Lingotek was founded in 2006 and received $1.7 million Series A-1 in venture capital funding from Canopy Ventures and Flywheel Ventures to develop language search engine technologies.[2]

In 2007, the software development and translation solutions company secured $1.6 million in Series A-2 financing. The A-2 round was led by Canopy Ventures of Lindon, Utah, contributing $1 million. Previous investors including Flywheel Ventures also participated in the A-2 round. The funding was to expand its sales and marketing efforts and further increase Lingotek’s presence in the language translation market.[3]

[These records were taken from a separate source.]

(* Let $(\mathcal M,g)$ be a semi-Riemannian manifold with Levi-Civita connection $\nabla$, let $\eta,\zeta\in\mathfrak X(\mathcal M)$ be arbitrary, $\mathcal K=\mathcal L_\eta g$, $\Sigma=\mathcal L_\eta\nabla$, $\zeta^\flat=g(\zeta,\cdot)$ and $(k^{(\zeta)})^\mu=\mathcal K^\mu{}_\beta\zeta^\beta$. Then $$\zeta^\alpha\Sigma_{\alpha\beta\mu}=\nabla_{(\beta}(\mathcal L_\eta\zeta^\flat)_{\mu)}-\tfrac12(\mathcal L_\eta\mathcal L_\zeta g)_{\beta\mu}$$ and $$\zeta^\alpha\Sigma_{\alpha\beta\mu}=\tfrac12(\mathcal L_{k^{(\zeta)}}g)_{\beta\mu}-\tfrac12(\mathcal L_\zeta\mathcal K)_{\beta\mu}.$$
   Context: $\Sigma=\mathcal L_\eta\nabla$ is the $(1,2)$-tensor $\Sigma(V,W)=\mathcal L_\eta(\nabla_VW)-\nabla_{\mathcal L_\eta V}W-\nabla_V(\mathcal L_\eta W)$, and $\Sigma_{\alpha\beta\mu}=g_{\alpha\rho}\Sigma^\rho{}_{\beta\mu}$; equivalently $\Sigma_{\alpha\beta\mu}=\frac12(\nabla_\beta\mathcal K_{\alpha\mu}+\nabla_\mu\mathcal K_{\alpha\beta}-\nabla_\alpha\mathcal K_{\beta\mu})$. Index brackets denote symmetrization with weight $\frac12$. *)

theory Defs
  imports "HOL-Analysis.Analysis"
begin

text \<open>Local-coordinate model: a chart domain U (open subset of R^n, n = CARD('n)),
  tensor fields given by their components in the coordinate frame e_i = axis i 1.\<close>

type_synonym 'n vfield = "real^'n \<Rightarrow> real^'n"
type_synonym 'n form1 = "real^'n \<Rightarrow> real^'n"
type_synonym 'n tens2 = "real^'n \<Rightarrow> real^'n^'n"

definition pd :: "'n::finite \<Rightarrow> (real^'n \<Rightarrow> real) \<Rightarrow> real^'n \<Rightarrow> real" where
  "pd i f x = deriv (\<lambda>t. f (x + t *\<^sub>R axis i 1)) 0"

fun ipd :: "'n::finite list \<Rightarrow> (real^'n \<Rightarrow> real) \<Rightarrow> real^'n \<Rightarrow> real" where
  "ipd [] f = f"
| "ipd (i # is) f = pd i (ipd is f)"

definition smooth_fun :: "(real^'n::finite) set \<Rightarrow> (real^'n \<Rightarrow> real) \<Rightarrow> bool" where
  "smooth_fun U f \<longleftrightarrow> (\<forall>is. ipd is f differentiable_on U)"

definition smooth_vf :: "(real^'n::finite) set \<Rightarrow> 'n vfield \<Rightarrow> bool" where
  "smooth_vf U X \<longleftrightarrow> (\<forall>k. smooth_fun U (\<lambda>x. X x $ k))"

definition smooth_t2 :: "(real^'n::finite) set \<Rightarrow> 'n tens2 \<Rightarrow> bool" where
  "smooth_t2 U T \<longleftrightarrow> (\<forall>a b. smooth_fun U (\<lambda>x. T x $ a $ b))"

definition semi_riemannian :: "(real^'n::finite) set \<Rightarrow> 'n tens2 \<Rightarrow> bool" where
  "semi_riemannian U g \<longleftrightarrow> open U \<and> smooth_t2 U g \<and>
     (\<forall>x\<in>U. transpose (g x) = g x \<and> det (g x) \<noteq> 0)"

definition ginv :: "'n::finite tens2 \<Rightarrow> 'n tens2" where
  "ginv g x = matrix_inv (g x)"

definition dvf :: "'n::finite vfield \<Rightarrow> 'n vfield \<Rightarrow> 'n vfield" where
  "dvf X Y x = (\<chi> k. \<Sum>i\<in>UNIV. X x $ i * pd i (\<lambda>y. Y y $ k) x)"

definition lie_vf :: "'n::finite vfield \<Rightarrow> 'n vfield \<Rightarrow> 'n vfield" where
  "lie_vf X Y x = dvf X Y x - dvf Y X x"

definition christoffel :: "'n::finite tens2 \<Rightarrow> real^'n \<Rightarrow> 'n \<Rightarrow> 'n \<Rightarrow> 'n \<Rightarrow> real" where
  "christoffel g x k i j = (\<Sum>l\<in>UNIV. ginv g x $ k $ l *
      (pd i (\<lambda>y. g y $ l $ j) x + pd j (\<lambda>y. g y $ l $ i) x - pd l (\<lambda>y. g y $ i $ j) x)) / 2"

definition lc_nabla :: "'n::finite tens2 \<Rightarrow> 'n vfield \<Rightarrow> 'n vfield \<Rightarrow> 'n vfield" where
  "lc_nabla g X Y x = dvf X Y x +
     (\<chi> k. \<Sum>i\<in>UNIV. \<Sum>j\<in>UNIV. christoffel g x k i j * X x $ i * Y x $ j)"

definition lie_t2 :: "'n::finite vfield \<Rightarrow> 'n tens2 \<Rightarrow> 'n tens2" where
  "lie_t2 X T x = (\<chi> a b. (\<Sum>c\<in>UNIV. X x $ c * pd c (\<lambda>y. T y $ a $ b) x)
      + (\<Sum>c\<in>UNIV. T x $ c $ b * pd a (\<lambda>y. X y $ c) x)
      + (\<Sum>c\<in>UNIV. T x $ a $ c * pd b (\<lambda>y. X y $ c) x))"

definition lie_form :: "'n::finite vfield \<Rightarrow> 'n form1 \<Rightarrow> 'n form1" where
  "lie_form X w x = (\<chi> a. (\<Sum>c\<in>UNIV. X x $ c * pd c (\<lambda>y. w y $ a) x)
      + (\<Sum>c\<in>UNIV. w x $ c * pd a (\<lambda>y. X y $ c) x))"

definition flat :: "'n::finite tens2 \<Rightarrow> 'n vfield \<Rightarrow> 'n form1" where
  "flat g Z x = (\<chi> a. \<Sum>b\<in>UNIV. g x $ a $ b * Z x $ b)"

text \<open>Covariant derivative of a 1-form: (nabla_b w)_m.\<close>
definition nabla_form :: "'n::finite tens2 \<Rightarrow> 'n form1 \<Rightarrow> real^'n \<Rightarrow> 'n \<Rightarrow> 'n \<Rightarrow> real" where
  "nabla_form g w x b m = pd b (\<lambda>y. w y $ m) x
      - (\<Sum>r\<in>UNIV. christoffel g x r b m * w x $ r)"

definition coord_vf :: "'n::finite \<Rightarrow> 'n vfield" where
  "coord_vf i x = axis i 1"

text \<open>Sigma = L_eta nabla as (1,2)-tensor:
  Sigma(V,W) = L_eta(nabla_V W) - nabla_{L_eta V} W - nabla_V (L_eta W).\<close>
definition Sigma_op :: "'n::finite tens2 \<Rightarrow> 'n vfield \<Rightarrow> 'n vfield \<Rightarrow> 'n vfield \<Rightarrow> 'n vfield" where
  "Sigma_op g eta V W = (\<lambda>x. lie_vf eta (lc_nabla g V W) x
      - lc_nabla g (lie_vf eta V) W x - lc_nabla g V (lie_vf eta W) x)"

definition Sigma_up :: "'n::finite tens2 \<Rightarrow> 'n vfield \<Rightarrow> real^'n \<Rightarrow> 'n \<Rightarrow> 'n \<Rightarrow> 'n \<Rightarrow> real" where
  "Sigma_up g eta x r b m = Sigma_op g eta (coord_vf b) (coord_vf m) x $ r"

definition Sigma_low :: "'n::finite tens2 \<Rightarrow> 'n vfield \<Rightarrow> real^'n \<Rightarrow> 'n \<Rightarrow> 'n \<Rightarrow> 'n \<Rightarrow> real" where
  "Sigma_low g eta x a b m = (\<Sum>r\<in>UNIV. g x $ a $ r * Sigma_up g eta x r b m)"

definition kzeta :: "'n::finite tens2 \<Rightarrow> 'n vfield \<Rightarrow> 'n vfield \<Rightarrow> 'n vfield" where
  "kzeta g eta Z x = (\<chi> m. \<Sum>a\<in>UNIV. \<Sum>b\<in>UNIV.
      ginv g x $ m $ a * lie_t2 eta g x $ a $ b * Z x $ b)"

end

theory Submission
  imports Defs
begin

(* Everything is evaluated at one point of the chart, with K = L_eta g. In coordinates
   Sigma_abm = [bm,a]_K - Gamma^r_bm K_ar, where [bm,a]_K = (d_b K_am + d_m K_ab - d_a K_bm)/2 is the
   Christoffel symbol of the first kind built from K; since K is symmetric and the connection is torsion
   free, this is (nabla_b K_am + nabla_m K_ab - nabla_a K_bm)/2. Contracting with zeta^a and expressing
   L_k g and L_zeta K through covariant derivatives (L_X g = nabla X^flat plus its transpose, and
   k^flat = K zeta) gives the second formula. The first one reduces to the second, because
   L_eta zeta^flat = K zeta + [eta,zeta]^flat and L_eta L_zeta g - L_zeta L_eta g = L_[eta,zeta] g. *)

lemma sum_mult_sum_assoc:
  fixes f :: "'a \<Rightarrow> 'c::comm_semiring_0"
  shows "(\<Sum>c\<in>S. f c * (\<Sum>a\<in>A. h c a * q a)) = (\<Sum>a\<in>A. (\<Sum>c\<in>S. f c * h c a) * q a)"
  unfolding sum_distrib_left sum_distrib_right by (subst sum.swap) (simp add: mult.assoc)

lemma sum_mult_sum_swap:
  fixes f :: "'a \<Rightarrow> 'c::comm_semiring_0"
  shows "(\<Sum>r\<in>R. f r * (\<Sum>c\<in>C. h r c)) = (\<Sum>c\<in>C. \<Sum>r\<in>R. f r * h r c)"
  unfolding sum_distrib_left by (rule sum.swap)

lemma double_sum_eq_by_symmetrization:
  fixes f h :: "'a \<Rightarrow> 'a \<Rightarrow> 'b::field_char_0"
  assumes "\<And>c d. f c d + f d c = h c d + h d c"
  shows "(\<Sum>c\<in>S. \<Sum>d\<in>S. f c d) = (\<Sum>c\<in>S. \<Sum>d\<in>S. h c d)"
proof -
  have double: "(\<Sum>c\<in>S. \<Sum>d\<in>S. k c d + k d c) = 2 * (\<Sum>c\<in>S. \<Sum>d\<in>S. k c d)"
    for k :: "'a \<Rightarrow> 'a \<Rightarrow> 'b"
  proof -
    have "(\<Sum>c\<in>S. \<Sum>d\<in>S. k d c) = (\<Sum>c\<in>S. \<Sum>d\<in>S. k c d)"
      by (rule sum.swap)
    then show ?thesis
      by (simp only: sum.distrib mult_2)
  qed
  have "2 * (\<Sum>c\<in>S. \<Sum>d\<in>S. f c d) = 2 * (\<Sum>c\<in>S. \<Sum>d\<in>S. h c d)"
    unfolding double[symmetric] assms ..
  then show ?thesis
    by simp
qed

section \<open>Partial derivatives\<close>

lemma has_real_derivative_along_line:
  fixes f :: "real^'n::finite \<Rightarrow> real"
  assumes "(f has_derivative f') (at (p + s *\<^sub>R v))"
  shows "((\<lambda>t. f (p + t *\<^sub>R v)) has_real_derivative f' v) (at s)"
proof -
  have "((\<lambda>t. p + t *\<^sub>R v) has_derivative (\<lambda>h. h *\<^sub>R v)) (at s)"
    by (auto intro!: derivative_eq_intros)
  then have "((f \<circ> (\<lambda>t. p + t *\<^sub>R v)) has_derivative (f' \<circ> (\<lambda>h. h *\<^sub>R v))) (at s)"
    by (rule diff_chain_at) (use assms in simp)
  moreover have "linear f'"
    using assms has_derivative_linear by blast
  ultimately show ?thesis
    unfolding has_field_derivative_def o_def by (simp add: linear_cmul mult.commute[of _ "f' v"])
qed

lemma pd_eqI:
  "((\<lambda>t. f (x + t *\<^sub>R axis i 1)) has_real_derivative d) (at 0) \<Longrightarrow> pd i f x = d"
  unfolding pd_def by (rule DERIV_imp_deriv)

lemma has_real_derivative_pd_along_line:
  fixes f :: "real^'n::finite \<Rightarrow> real"
  assumes "f differentiable (at (p + s *\<^sub>R axis i 1))"
  shows "((\<lambda>t. f (p + t *\<^sub>R axis i 1)) has_real_derivative pd i f (p + s *\<^sub>R axis i 1)) (at s)"
proof -
  obtain f' where f': "(f has_derivative f') (at (p + s *\<^sub>R axis i 1))"
    using assms unfolding differentiable_def by blast
  have "pd i f (p + s *\<^sub>R axis i 1) = f' (axis i 1)"
    by (rule pd_eqI) (use has_real_derivative_along_line[of f f' _ 0] f' in simp)
  then show ?thesis
    using has_real_derivative_along_line[OF f'] by simp
qed

lemma has_real_derivative_pd:
  fixes f :: "real^'n::finite \<Rightarrow> real"
  assumes "f differentiable (at x)"
  shows "((\<lambda>t. f (x + t *\<^sub>R axis i 1)) has_real_derivative pd i f x) (at 0)"
  using has_real_derivative_pd_along_line[of f x 0 i] assms by simp

lemma pd_const [simp]: "pd i (\<lambda>y. c) x = 0"
  by (rule pd_eqI) simp

lemma pd_add:
  assumes "f differentiable (at x)" "h differentiable (at x)"
  shows "pd i (\<lambda>y. f y + h y) x = pd i f x + pd i h x"
  by (rule pd_eqI, rule DERIV_add) (use assms in \<open>simp_all add: has_real_derivative_pd\<close>)

lemma pd_diff:
  assumes "f differentiable (at x)" "h differentiable (at x)"
  shows "pd i (\<lambda>y. f y - h y) x = pd i f x - pd i h x"
  by (rule pd_eqI, rule DERIV_diff) (use assms in \<open>simp_all add: has_real_derivative_pd\<close>)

On July 16, 2008, Lingotek received a strategic investment with In-Q-Tel, a strategic, not-for-profit investment firm that works to identify, adapt, and deliver innovative technology solutions to support the mission of the Central Intelligence Agency and the broader U.S. Intelligence Community. Launched by the CIA in 1999 as a private, independent organization, the In-Q-Tel mission is to identify and partner with companies developing cutting-edge technologies that serve the national security interests of the United States. In exchange, Lingotek was to provide a new and innovative platform to facilitate more efficient, faster language translation. The agreement funded the development and enhancement of new translation solutions, including breakthrough global collaboration translation technology. The In-Q-Tel investment was also part of a Series B funding round, with participation by Flywheel Ventures, and Canopy Ventures. The funds were used to expand business operations, distribution, and further develop Lingotek’s language technology capabilities.[4]

Products

In 2006, Lingotek was the first U.S. company to launch a fully online, web-based, computer-assisted translation (CAT) system and pioneered the integration of translation memories (TM) with a main-frame powered machine translation (MT). While the translation products of more than a dozen European companies appeared in the U.S. market, the only standalone tools to directly support human translators developed in the U.S. were Lingotek in 2006. The developer was based in Utah and came from within the LDS Church. The LDS Church uses Lingotek as its preferred tool for its crowdsourcing translation. While Lingotek was originally marketed to government entities, translation companies, and freelance translators, the current marketing effort is focused on larger corporations with translation needs.[5]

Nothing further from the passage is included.